Nearly 15% Of Jamaican Women Experience Violence From A Male Partner




Minister of Health, Dr. Christopher Tufton (centre), speaks with Executive

Director of Jamaica AIDS Support for Life (JASL), Kandasi Levermore (left),

at a public forum on gender-based violence held at the Terra Nova All-Suite

Hotel, St. Andrew, on Wednesday (November 21).  At left is Head of Delegation,

European Union (EU) in Jamaica, Ambassador Malgorzata Wasilewska.

Dave Reid/JIS Photo




Nearly 15 percent of all women in Jamaica, aged 15 to 49, who have ever married or partnered have experienced physical or sexual violence from a male partner in the previous 12 months.    


This was revealed by Health Minister, Dr. Christopher Tufton, at a public forum on gender-based violence on Wednesday, November 21, at the Terra Nova All-Suite Hotel in St. Andrew.     The forum on was staged by Jamaica AIDS Support for Life in association with the EU, under the theme ‘Unmasking Violence against Women in the context of HIV and AIDS: Improving the National Response’.


Dr. Tufton was citing statistics from the Ministry’s soon-to-be released 2017 Knowledge, Attitude, Belief and Practice (KABP) report, which covers intimate-partner violence. He said that based on the report, the most prevalent violent acts experienced by women are: being pushed or shoved (17.7 percent); being slapped or having something thrown at them that could inflict harm (16.8 percent); and being hit with a fist or something that could cause harm (15.6 percent).

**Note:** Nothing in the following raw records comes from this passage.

definition outer :: "real^'p \<Rightarrow> real^'p \<Rightarrow> real^'p^'p" where
  "outer a b = (\<chi> i j. a $ i * b $ j)"

definition est_integrand ::
  "real \<Rightarrow> real \<Rightarrow> (real \<Rightarrow> real \<Rightarrow> real \<Rightarrow> real) \<Rightarrow> real \<Rightarrow> (real^'p \<Rightarrow> real \<Rightarrow> real)
   \<Rightarrow> (real^'p \<Rightarrow> real \<Rightarrow> real^'p) \<Rightarrow> real measure \<Rightarrow> real^'p \<Rightarrow> real \<Rightarrow> real^'p" where
  "est_integrand \<alpha> lam W h f u M \<theta> x =
     (Kfun (1 + lam * (1 - \<alpha>)) (gstar W h M x / fstar W h f \<theta> x - 1)
        * fstar W h f \<theta> x powr (1 + \<alpha>)) *\<^sub>R u \<theta> x"

definition est_fun ::
  "real \<Rightarrow> real \<Rightarrow> (real \<Rightarrow> real \<Rightarrow> real \<Rightarrow> real) \<Rightarrow> real \<Rightarrow> (real^'p \<Rightarrow> real \<Rightarrow> real)
   \<Rightarrow> (real^'p \<Rightarrow> real \<Rightarrow> real^'p) \<Rightarrow> real measure \<Rightarrow> real^'p \<Rightarrow> real^'p" where
  "est_fun \<alpha> lam W h f u M \<theta> = (LINT x|lborel. est_integrand \<alpha> lam W h f u M \<theta> x)"

text \<open>Influence function IF(y;G,T) = d/d eps T(G_eps) at eps = 0
  (G_eps is a distribution only for eps in [0,1], so this is the right derivative).\<close>
definition influence_function :: "(real measure \<Rightarrow> 'b::real_normed_vector) \<Rightarrow> real measure \<Rightarrow> real \<Rightarrow> 'b" where
  "influence_function T G y = vector_derivative (\<lambda>\<epsilon>. T (contam G y \<epsilon>)) (at 0 within {0..1})"

end

theory Submission
  imports Defs
begin
(* Let $p\in(1,2)$. There exists a constant $C_p>0$ such that for all real numbers $a,b$ and every $\mu\in(0,1)$ with $|a-b|\ge\mu\max(|a|,|b|)$, $G(a-b)\le\frac{C_p}{\mu^{2-p}}(a-b)\big(g(a)-g(b)\big).$
   Context: $g(y)=\operatorname{sgn}(y)[(|y|+1)^{p-1}-1]$ and $G(y)=\int_0^yg(s)\,ds=\frac1p[(|y|+1)^p-1]-|y|$. *)

theory Defs
  imports "HOL-Analysis.Analysis"
begin

definition gfun :: "real \<Rightarrow> real \<Rightarrow> real" where
  "gfun p y = sgn y * ((\<bar>y\<bar> + 1) powr (p - 1) - 1)"

definition Gfun :: "real \<Rightarrow> real \<Rightarrow> real" where
  "Gfun p y = (1 / p) * ((\<bar>y\<bar> + 1) powr p - 1) - \<bar>y\<bar>"

end

theory Submission
  imports Defs
begin

text \<open>
  On each side of 0, g is the shifted power y \<mapsto> (y+1)^(p-1) - 1, whose derivative
  (p-1)(y+1)^(p-2) is decreasing. Hence on [b, a] it is at least (p-1)(M+1)^(p-2), with
  M = max |a| |b|, and (a-b)(g(a)-g(b)) \<ge> (p-1)(a-b)^2 (M+1)^(p-2). On the other side the
  mean value theorem gives G(y) \<le> y^2 (|y|+1)^(p-2). The hypothesis |a-b| \<ge> \<mu> M yields
  M + 1 \<le> (|a-b|+1)/\<mu>, so passing from (M+1)^(p-2) to (|a-b|+1)^(p-2) costs the factor
  \<mu>^(2-p); the constant is C = 1/(p-1).
\<close>

lemma powr_diff_ge_concave:
  fixes r s t :: real
  assumes "0 \<le> r" "r \<le> 1" "0 < s" "s \<le> t"
  shows "r * (t - s) * t powr (r - 1) \<le> t powr r - s powr r"
proof (cases "s = t")
  case False
  have "\<And>x. s \<le> x \<Longrightarrow> x \<le> t \<Longrightarrow> DERIV (\<lambda>x. x powr r) x :> r * x powr (r - 1)"
    using assms by (intro has_real_derivative_powr) auto
  with MVT2[of s t] False assms obtain z where z: "s < z" "z < t"
    "t powr r - s powr r = (t - s) * (r * z powr (r - 1))"
    by force
  have "t powr (r - 1) \<le> z powr (r - 1)"
    by (rule powr_mono2') (use assms z in auto)
  then have "(t - s) * (r * t powr (r - 1)) \<le> (t - s) * (r * z powr (r - 1))"
    using assms by (intro mult_left_mono) auto
  then show ?thesis
    using z(3) by (simp add: algebra_simps)
qed simp

lemma powr_diff_le_convex:
  fixes r s t :: real
  assumes "1 \<le> r" "0 < s" "s \<le> t"
  shows "t powr r - s powr r \<le> r * (t - s) * t powr (r - 1)"
proof (cases "s = t")
  case False
  have "\<And>x. s \<le> x \<Longrightarrow> x \<le> t \<Longrightarrow> DERIV (\<lambda>x. x powr r) x :> r * x powr (r - 1)"
    using assms by (intro has_real_derivative_powr) auto
  with MVT2[of s t] False assms obtain z where z: "s < z" "z < t"
    "t powr r - s powr r = (t - s) * (r * z powr (r - 1))"
    by force
  have "z powr (r - 1) \<le> t powr (r - 1)"
    by (rule powr_mono2) (use assms z in auto)
  then have "(t - s) * (r * z powr (r - 1)) \<le> (t - s) * (r * t powr (r - 1))"
    using assms by (intro mult_left_mono) auto
  then show ?thesis
    using z(3) by (simp add: algebra_simps)
qed simp

lemma gfun_nonneg_eq: "0 \<le> y \<Longrightarrow> gfun p y = (y + 1) powr (p - 1) - 1"
  by (cases "y = 0") (auto simp: gfun_def)

lemma gfun_minus: "gfun p (- y) = - gfun p y"
  by (simp add: gfun_def)

lemma Gfun_minus: "Gfun p (- y) = Gfun p y"
  by (simp add: Gfun_def)

lemma gfun_diff_ge_nonneg:
  fixes p u v M :: real
  assumes "1 < p" "p < 2" "0 \<le> u" "u \<le> v" "v \<le> M"
  shows "(p - 1) * (v - u) * (M + 1) powr (p - 2) \<le> gfun p v - gfun p u"
proof -
  have "(M + 1) powr (p - 2) \<le> (v + 1) powr (p - 2)"
    by (rule powr_mono2') (use assms in auto)
  then have "(p - 1) * (v - u) * (M + 1) powr (p - 2) \<le> (p - 1) * (v - u) * (v + 1) powr (p - 2)"
    using assms by (intro mult_left_mono) auto
  also have "\<dots> \<le> (v + 1) powr (p - 1) - (u + 1) powr (p - 1)"
    using powr_diff_ge_concave[of "p - 1" "u + 1" "v + 1"] assms by simp
  finally show ?thesis
    using assms by (simp add: gfun_nonneg_eq)
qed

lemma gfun_diff_ge:
  fixes p a b :: real
  assumes "1 < p" "p < 2" "b \<le> a"
  shows "(p - 1) * (a - b) * (max \<bar>a\<bar> \<bar>b\<bar> + 1) powr (p - 2) \<le> gfun p a - gfun p b"
proof -
  let ?M = "max \<bar>a\<bar> \<bar>b\<bar>"
  consider "0 \<le> b" | "a \<le> 0" | "b < 0" "0 < a" by linarith
  then show ?thesis
  proof cases
    case 1
    then show ?thesis using gfun_diff_ge_nonneg[of p b a ?M] assms by simp
  next
    case 2
    then show ?thesis
      using gfun_diff_ge_nonneg[of p "- a" "- b" ?M] assms by (simp add: gfun_minus)
  next
    case 3
    have "(p - 1) * (a - 0) * (?M + 1) powr (p - 2) \<le> gfun p a - gfun p 0"
      using gfun_diff_ge_nonneg[of p 0 a ?M] assms 3 by simp
    moreover have "(p - 1) * (- b - 0) * (?M + 1) powr (p - 2) \<le> gfun p (- b) - gfun p 0"
      using gfun_diff_ge_nonneg[of p 0 "- b" ?M] assms 3 by simp
    moreover have "gfun p 0 = 0"
      by (simp add: gfun_def)
    ultimately show ?thesis
      by (simp add: gfun_minus algebra_simps)
  qed
qed

lemma mult_gfun_diff_ge:
  fixes p a b :: real
  assumes "1 < p" "p < 2"
  shows "(p - 1) * (a - b)\<^sup>2 * (max \<bar>a\<bar> \<bar>b\<bar> + 1) powr (p - 2)
           \<le> (a - b) * (gfun p a - gfun p b)"
proof -
  have ordered: "(p - 1) * (x - y)\<^sup>2 * (max \<bar>x\<bar> \<bar>y\<bar> + 1) powr (p - 2)
                   \<le> (x - y) * (gfun p x - gfun p y)" if "y \<le> x" for x y :: real
    using mult_left_mono[OF gfun_diff_ge[OF assms that], of "x - y"] that
    by (simp add: power2_eq_square algebra_simps)
  show ?thesis
  proof (cases "b \<le> a")
    case False
    then show ?thesis
      using ordered[of a b] by (simp add: max.commute power2_commute algebra_simps)
  qed (rule ordered)
qed

lemma Gfun_le:
  fixes p y :: real
  assumes "1 < p" "p < 2"
  shows "Gfun p y \<le> y\<^sup>2 * (\<bar>y\<bar> + 1) powr (p - 2)"
proof -
  have nonneg: "Gfun p x \<le> x\<^sup>2 * (x + 1) powr (p - 2)" if "0 \<le> x" for x :: real
  proof -
    have "Gfun p x = (1 / p) * ((x + 1) powr p - 1 powr p) - x"
      using that by (simp add: Gfun_def)
    also have "\<dots> \<le> (1 / p) * (p * x * (x + 1) powr (p - 1)) - x"
      using powr_diff_le_convex[of p 1 "x + 1"] assms that
      by (intro diff_right_mono mult_left_mono) auto
    also have "\<dots> = x * ((x + 1) * (x + 1) powr (p - 2) - 1)"
      using assms that powr_add[of "x + 1" 1 "p - 2"] by (simp add: algebra_simps)
    also have "\<dots> \<le> x * (x * (x + 1) powr (p - 2))"
      using powr_mono2'[of "p - 2" 1 "x + 1"] assms that
      by (intro mult_left_mono) (auto simp: algebra_simps)
    finally show ?thesis
      by (simp add: power2_eq_square)
  qed
  show ?thesis
    using nonneg[of "\<bar>y\<bar>"] by (simp add: Gfun_def)
qed

lemma powr_shift_scale_le:
  fixes \<mu> x M r :: real
  assumes "0 < \<mu>" "\<mu> \<le> 1" "0 \<le> M" "\<mu> * M \<le> x" "r \<le> 0"
  shows "(x + 1) powr r \<le> (M + 1) powr r / \<mu> powr (- r)"
proof -
  have "M + 1 \<le> (x + 1) / \<mu>"
    using assms by (simp add: field_simps)
  then have "((x + 1) / \<mu>) powr r \<le> (M + 1) powr r"
    using assms by (intro powr_mono2') auto
  moreover have "((x + 1) / \<mu>) powr r = (x + 1) powr r * \<mu> powr (- r)"
    using assms by (simp add: powr_divide powr_minus_divide)
  ultimately show ?thesis
    using assms by (simp add: field_simps)
qed

theorem mainTheorem16:
  fixes p :: real
  assumes "1 < p" and "p < 2"
  shows "\<exists>C > 0. \<forall>a b \<mu> :: real. 0 < \<mu> \<longrightarrow> \<mu> < 1 \<longrightarrow>
           \<bar>a - b\<bar> \<ge> \<mu> * max \<bar>a\<bar> \<bar>b\<bar> \<longrightarrow>
           Gfun p (a - b) \<le> C / \<mu> powr (2 - p) * ((a - b) * (gfun p a - gfun p b))"
proof (intro exI[of _ "1 / (p - 1)"] conjI allI impI)
  show "0 < 1 / (p - 1)" using assms by simp
  fix a b \<mu> :: real
  assume \<mu>: "0 < \<mu>" "\<mu> < 1" and sep: "\<bar>a - b\<bar> \<ge> \<mu> * max \<bar>a\<bar> \<bar>b\<bar>"
  let ?M = "max \<bar>a\<bar> \<bar>b\<bar>"
  have "Gfun p (a - b) \<le> (a - b)\<^sup>2 * (\<bar>a - b\<bar> + 1) powr (p - 2)"
    using Gfun_le[OF assms] by simp
  also have "\<dots> \<le> (a - b)\<^sup>2 * ((?M + 1) powr (p - 2) / \<mu> powr (2 - p))"
    using powr_shift_scale_le[of \<mu> ?M "\<bar>a - b\<bar>" "p - 2"] \<mu> sep assms
    by (intro mult_left_mono) auto
  also have "\<dots> = 1 / (p - 1) / \<mu> powr (2 - p) * ((p - 1) * (a - b)\<^sup>2 * (?M + 1) powr (p - 2))"
    using assms by simp
  also have "\<dots> \<le> 1 / (p - 1) / \<mu> powr (2 - p) * ((a - b) * (gfun p a - gfun p b))"
    using mult_gfun_diff_ge[OF assms, of a b] assms \<mu> by (intro mult_left_mono) auto
  finally show "Gfun p (a - b) \<le> 1 / (p - 1) / \<mu> powr (2 - p) * ((a - b) * (gfun p a - gfun p b))" .
qed

end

He noted that 3.7 percent per cent of the respondents reported being afraid of what their abuser would do if they refused to have sexual intercourse.

“Women who are the victims of sexual violence in particular, we know, are more vulnerable to HIV infection, given that HIV transmission risk increases in violent or forced-sex scenarios,” he said.


He argued that the fear of stigma associated with HIV may prevent women who are victims of sexual violence from being tested or otherwise from returning for the results and that those living with HIV may not even report the incident out of fear of being re-victimised.